(* Let $C\subseteq 2^X$ be a maximum class of VC-dimension $d$ and $D\subseteq C$ a maximum class of VC-dimension $d-1$. Let $Q$ be an incomplete cube for $(C,D)$ with source $s$ and support $\sigma$, and let $x,y\in X$ with $x\notin\sigma$ and $y\in\sigma$. Then: (i) $Q_x$ is an incomplete cube for $(C_x,D_x)$ whose source is $s_x$; (ii) $Q^y$ is an incomplete cube for $(C^y,D^y)$ whose source is $s^y$.
   Context: $X$ is a finite set, $n=|X|$; concepts are identified with characteristic functions, $c|Y$ is restriction and $C|Y=\{c|Y:c\in C\}$. $Y$ is shattered by $C$ if $C|Y=2^Y$; $X(C)$ is the family of shattered sets; VC-dimension is the maximum size of a shattered set; $C$ is maximum if $|C|=\sum_{i=0}^d\binom{n}{i}$, $d$ its VC-dimension. A cube of $2^X$ is $\{T\cup Z:Z\subseteq Y\}$ with $Y\subseteq X$, $T\subseteq X\setminus Y$; $Y=\mathrm{supp}$ is its support and $T$ its tag; a cube of $C$ is a cube contained in $C$. For $x\in X$: $c_x=c|(X\setminus\{x\})$ and $C_x=\{c_x:c\in C\}$ (restriction, a class on $X\setminus\{x\}$); the reduction $C^x$ is the class on $X\setminus\{x\}$ consisting of the tags of all cubes of $C$ with support $\{x\}$ (i.e. of $c\setminus\{x\}$ for all $c$ with $c,c\Delta\{x\}\in C$), and for such $c$, $c^x=c\setminus\{x\}$; the same notation applies to $D$ and to a cube $Q$ (so $Q_x$, $Q^y$, $s_x$, $s^y$). A missed simplex for $(C,D)$ is $\sigma\in X(C)\setminus X(D)$; an incomplete cube for $(C,D)$ is a cube $Q$ of $C$ whose support is a missed simplex; its source is the unique $c\in Q$ with $c|\mathrm{supp}(Q)\notin D|\mathrm{supp}(Q)$. (Incomplete cubes and sources for $(C_x,D_x)$ and $(C^y,D^y)$ are defined in the same way.) *)

theory Defs
  imports Main
begin

text \<open>Concepts are subsets of the finite domain X (identified with their characteristic functions).\<close>

definition restrict_class :: "'a set set \<Rightarrow> 'a set \<Rightarrow> 'a set set" where
  "restrict_class C Y = (\<lambda>c. c \<inter> Y) ` C"

definition shatters :: "'a set set \<Rightarrow> 'a set \<Rightarrow> bool" where
  "shatters C Y \<longleftrightarrow> restrict_class C Y = Pow Y"

text \<open>VC-dimension k (an integer, -1 for the empty class, where no set is shattered).\<close>
definition has_vc_dim :: "'a set \<Rightarrow> 'a set set \<Rightarrow> int \<Rightarrow> bool" where
  "has_vc_dim X C k \<longleftrightarrow> k \<ge> -1
     \<and> (\<forall>Y. Y \<subseteq> X \<and> shatters C Y \<longrightarrow> int (card Y) \<le> k)
     \<and> (k \<ge> 0 \<longrightarrow> (\<exists>Y. Y \<subseteq> X \<and> shatters C Y \<and> int (card Y) = k))"

definition maximum_class :: "'a set \<Rightarrow> 'a set set \<Rightarrow> int \<Rightarrow> bool" where
  "maximum_class X C k \<longleftrightarrow> C \<subseteq> Pow X \<and> has_vc_dim X C k
     \<and> card C = (\<Sum>i\<in>{0..k}. card X choose nat i)"

definition cube_with :: "'a set \<Rightarrow> 'a set set \<Rightarrow> 'a set \<Rightarrow> 'a set \<Rightarrow> bool" where
  "cube_with X Q \<sigma> T \<longleftrightarrow> \<sigma> \<subseteq> X \<and> T \<subseteq> X - \<sigma> \<and> Q = {T \<union> Z | Z. Z \<subseteq> \<sigma>}"

definition is_cube :: "'a set \<Rightarrow> 'a set set \<Rightarrow> 'a set \<Rightarrow> bool" where
  "is_cube X Q \<sigma> \<longleftrightarrow> (\<exists>T. cube_with X Q \<sigma> T)"

text \<open>Q is an incomplete cube for (C,D) (over domain X) with support sigma:
  a cube of C whose support is a missed simplex.\<close>
definition incomplete_cube :: "'a set \<Rightarrow> 'a set set \<Rightarrow> 'a set set \<Rightarrow> 'a set set \<Rightarrow> 'a set \<Rightarrow> bool" where
  "incomplete_cube X C D Q \<sigma> \<longleftrightarrow> is_cube X Q \<sigma> \<and> Q \<subseteq> C \<and> shatters C \<sigma> \<and> \<not> shatters D \<sigma>"

definition is_source :: "'a set set \<Rightarrow> 'a set set \<Rightarrow> 'a set \<Rightarrow> 'a set \<Rightarrow> bool" where
  "is_source D Q \<sigma> s \<longleftrightarrow> s \<in> Q \<and> s \<inter> \<sigma> \<notin> restrict_class D \<sigma>
     \<and> (\<forall>c\<in>Q. c \<inter> \<sigma> \<notin> restrict_class D \<sigma> \<longrightarrow> c = s)"

definition del_class :: "'a set set \<Rightarrow> 'a \<Rightarrow> 'a set set" where
  "del_class C x = (\<lambda>c. c - {x}) ` C"

definition reduction :: "'a set set \<Rightarrow> 'a \<Rightarrow> 'a set set" where
  "reduction C x = {c - {x} | c. c \<in> C \<and> (c - {x}) \<union> ({x} - c) \<in> C}"

end

theory Submission
  imports Defs
begin

text \<open>
  Deleting a point x outside the support does not change any trace on \<sigma>, which gives (i)
  directly. For (ii), Q^y is the cube with the same tag and support \<sigma> - {y}; its sources
  are governed by the traces of D^y on \<sigma> - {y}, whereas the source of Q is governed by
  the traces of D on \<sigma>. The first class is always contained in (D|\<sigma>)^y, and the two
  coincide because restrictions and reductions of a maximum class are again maximum (of
  the same, respectively one lower, VC-dimension): by the Sauer--Shelah bound and the
  identity |C| = |C_x| + |C^x| both classes have exactly the maximal number of elements.
\<close>

lemma shatters_iff: "shatters C Y \<longleftrightarrow> (\<forall>P\<subseteq>Y. \<exists>c\<in>C. c \<inter> Y = P)"
proof -
  have "restrict_class C Y \<subseteq> Pow Y"
    unfolding restrict_class_def by blast
  then have "shatters C Y \<longleftrightarrow> Pow Y \<subseteq> restrict_class C Y"
    unfolding shatters_def by blast
  also have "\<dots> \<longleftrightarrow> (\<forall>P\<subseteq>Y. \<exists>c\<in>C. c \<inter> Y = P)"
    unfolding restrict_class_def by (auto simp: subset_eq image_iff eq_commute)
  finally show ?thesis .
qed

lemma shatters_mono:
  assumes "C \<subseteq> C'" and "shatters C Y"
  shows "shatters C' Y"
  using assms unfolding shatters_iff by (meson subsetD)

lemma mem_reduction_iff: "z \<in> reduction C x \<longleftrightarrow> x \<notin> z \<and> z \<in> C \<and> insert x z \<in> C"
proof
  assume "z \<in> reduction C x"
  then obtain c where "c \<in> C" "c - {x} \<union> ({x} - c) \<in> C" "z = c - {x}"
    unfolding reduction_def by blast
  then show "x \<notin> z \<and> z \<in> C \<and> insert x z \<in> C"
    by (cases "x \<in> c") (auto simp: insert_absorb)
next
  assume "x \<notin> z \<and> z \<in> C \<and> insert x z \<in> C"
  then show "z \<in> reduction C x"
    unfolding reduction_def by (intro CollectI exI[of _ z]) auto
qed

lemma reduction_mono: "C \<subseteq> C' \<Longrightarrow> reduction C x \<subseteq> reduction C' x"
  by (auto simp: mem_reduction_iff)

lemma del_class_subset_Pow: "C \<subseteq> Pow X \<Longrightarrow> del_class C x \<subseteq> Pow (X - {x})"
  unfolding del_class_def by blast

lemma reduction_subset_Pow: "C \<subseteq> Pow X \<Longrightarrow> reduction C x \<subseteq> Pow (X - {x})"
  by (auto simp: mem_reduction_iff)

lemma restrict_class_del_class:
  "x \<notin> Y \<Longrightarrow> restrict_class (del_class C x) Y = restrict_class C Y"
  unfolding restrict_class_def del_class_def image_image by (rule image_cong) auto

lemma shatters_del_class_iff:
  "x \<notin> Y \<Longrightarrow> shatters (del_class C x) Y \<longleftrightarrow> shatters C Y"
  by (simp add: shatters_def restrict_class_del_class)

lemma shatters_insert_if_shatters_reduction:
  assumes "x \<notin> Y" and "shatters (reduction C x) Y"
  shows "shatters C (insert x Y)"
  unfolding shatters_iff
proof (intro allI impI)
  fix P assume P: "P \<subseteq> insert x Y"
  then have "P - {x} \<subseteq> Y"
    by blast
  then obtain z where z: "z \<in> reduction C x" "z \<inter> Y = P - {x}"
    using assms(2) unfolding shatters_iff by meson
  then have "x \<notin> z" "z \<in> C" "insert x z \<in> C"
    by (simp_all add: mem_reduction_iff)
  show "\<exists>c\<in>C. c \<inter> insert x Y = P"
  proof (cases "x \<in> P")
    case True
    then have "insert x z \<inter> insert x Y = P"
      using z(2) P by blast
    then show ?thesis
      using \<open>insert x z \<in> C\<close> by blast
  next
    case False
    then have "z \<inter> insert x Y = P"
      using z(2) P \<open>x \<notin> z\<close> by blast
    then show ?thesis
      using \<open>z \<in> C\<close> by blast
  qed
qed

lemma restrict_class_Pow_eq: "C \<subseteq> Pow X \<Longrightarrow> restrict_class C X = C"
  unfolding restrict_class_def by (rule image_cong[THEN trans, OF refl _ image_ident]) auto

lemma restrict_class_Diff_singleton:
  "restrict_class C (Y - {x}) = del_class (restrict_class C Y) x"
  unfolding restrict_class_def del_class_def image_image by (rule image_cong) auto

lemma restrict_class_reduction_subset:
  assumes "y \<in> Y"
  shows "restrict_class (reduction C y) (Y - {y}) \<subseteq> reduction (restrict_class C Y) y"
proof
  fix w assume "w \<in> restrict_class (reduction C y) (Y - {y})"
  then obtain c where c: "c \<in> reduction C y" "w = c \<inter> (Y - {y})"
    unfolding restrict_class_def by blast
  then have "y \<notin> c" "c \<in> C" "insert y c \<in> C"
    by (simp_all add: mem_reduction_iff)
  moreover have "w = c \<inter> Y" "insert y w = insert y c \<inter> Y"
    using c(2) \<open>y \<notin> c\<close> assms by auto
  ultimately show "w \<in> reduction (restrict_class C Y) y"
    unfolding mem_reduction_iff restrict_class_def using c(2) by blast
qed

lemma card_del_class_add_card_reduction:
  assumes "finite C"
  shows "card (del_class C x) + card (reduction C x) = card C"
proof -
  define C\<^sub>0 where "C\<^sub>0 = {c\<in>C. x \<notin> c}"
  define C\<^sub>1 where "C\<^sub>1 = {c\<in>C. x \<in> c}"
  have split: "C = C\<^sub>0 \<union> C\<^sub>1" "C\<^sub>0 \<inter> C\<^sub>1 = {}"
    unfolding C\<^sub>0_def C\<^sub>1_def by blast+
  have "(\<lambda>c. c - {x}) ` C\<^sub>0 = C\<^sub>0"
    unfolding C\<^sub>0_def by (rule trans[OF image_cong[OF refl] image_ident]) simp
  then have "del_class C x = C\<^sub>0 \<union> (\<lambda>c. c - {x}) ` C\<^sub>1"
    unfolding del_class_def by (subst split(1)) (simp only: image_Un)
  moreover have "reduction C x = C\<^sub>0 \<inter> (\<lambda>c. c - {x}) ` C\<^sub>1"
  proof (intro set_eqI iffI)
    fix z assume "z \<in> reduction C x"
    then have "x \<notin> z" "z \<in> C" "insert x z \<in> C"
      by (simp_all add: mem_reduction_iff)
    then show "z \<in> C\<^sub>0 \<inter> (\<lambda>c. c - {x}) ` C\<^sub>1"
      unfolding C\<^sub>0_def C\<^sub>1_def by (simp add: image_iff) (metis Diff_insert_absorb insertI1)
  next
    fix z assume "z \<in> C\<^sub>0 \<inter> (\<lambda>c. c - {x}) ` C\<^sub>1"
    then show "z \<in> reduction C x"
      unfolding C\<^sub>0_def C\<^sub>1_def mem_reduction_iff by (auto simp: insert_absorb)
  qed
  moreover have "card ((\<lambda>c. c - {x}) ` C\<^sub>1) = card C\<^sub>1"
    unfolding C\<^sub>1_def by (rule card_image) (auto simp: inj_on_def)
  moreover have "finite C\<^sub>0" "finite C\<^sub>1"
    using assms unfolding C\<^sub>0_def C\<^sub>1_def by simp_all
  moreover have "card C = card C\<^sub>0 + card C\<^sub>1"
    using \<open>finite C\<^sub>0\<close> \<open>finite C\<^sub>1\<close> by (simp add: split card_Un_disjoint)
  ultimately show ?thesis
    using card_Un_Int[of C\<^sub>0 "(\<lambda>c. c - {x}) ` C\<^sub>1"] by simp
qed

definition sauer_bound :: "int \<Rightarrow> nat \<Rightarrow> nat" where
  "sauer_bound k n = (\<Sum>i\<in>{0..k}. n choose nat i)"

lemma sauer_bound_of_nat: "sauer_bound (int m) n = (\<Sum>i\<le>m. n choose i)"
proof -
  have "{0..int m} = int ` {..m}"
    using image_int_atLeastAtMost[of 0 m] by (simp add: atLeast0AtMost)
  then show ?thesis
    unfolding sauer_bound_def by (simp add: sum.reindex)
qed

lemma sauer_bound_neg: "k < 0 \<Longrightarrow> sauer_bound k n = 0"
  unfolding sauer_bound_def by simp

lemma sauer_bound_0: "0 \<le> k \<Longrightarrow> sauer_bound k 0 = 1"
proof -
  assume "0 \<le> k"
  then obtain m where "k = int m"
    using nonneg_int_cases by blast
  moreover have "(\<Sum>i\<le>m. (0::nat) choose i) = 1"
    by (induction m) auto
  ultimately show ?thesis
    by (simp only: sauer_bound_of_nat)
qed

○ ○ ○ ○

**ASSIGNMENT**
What is the number of lines in the records that include the word "union"? Answer with that number only.

**COMPLETED EXERCISE**
5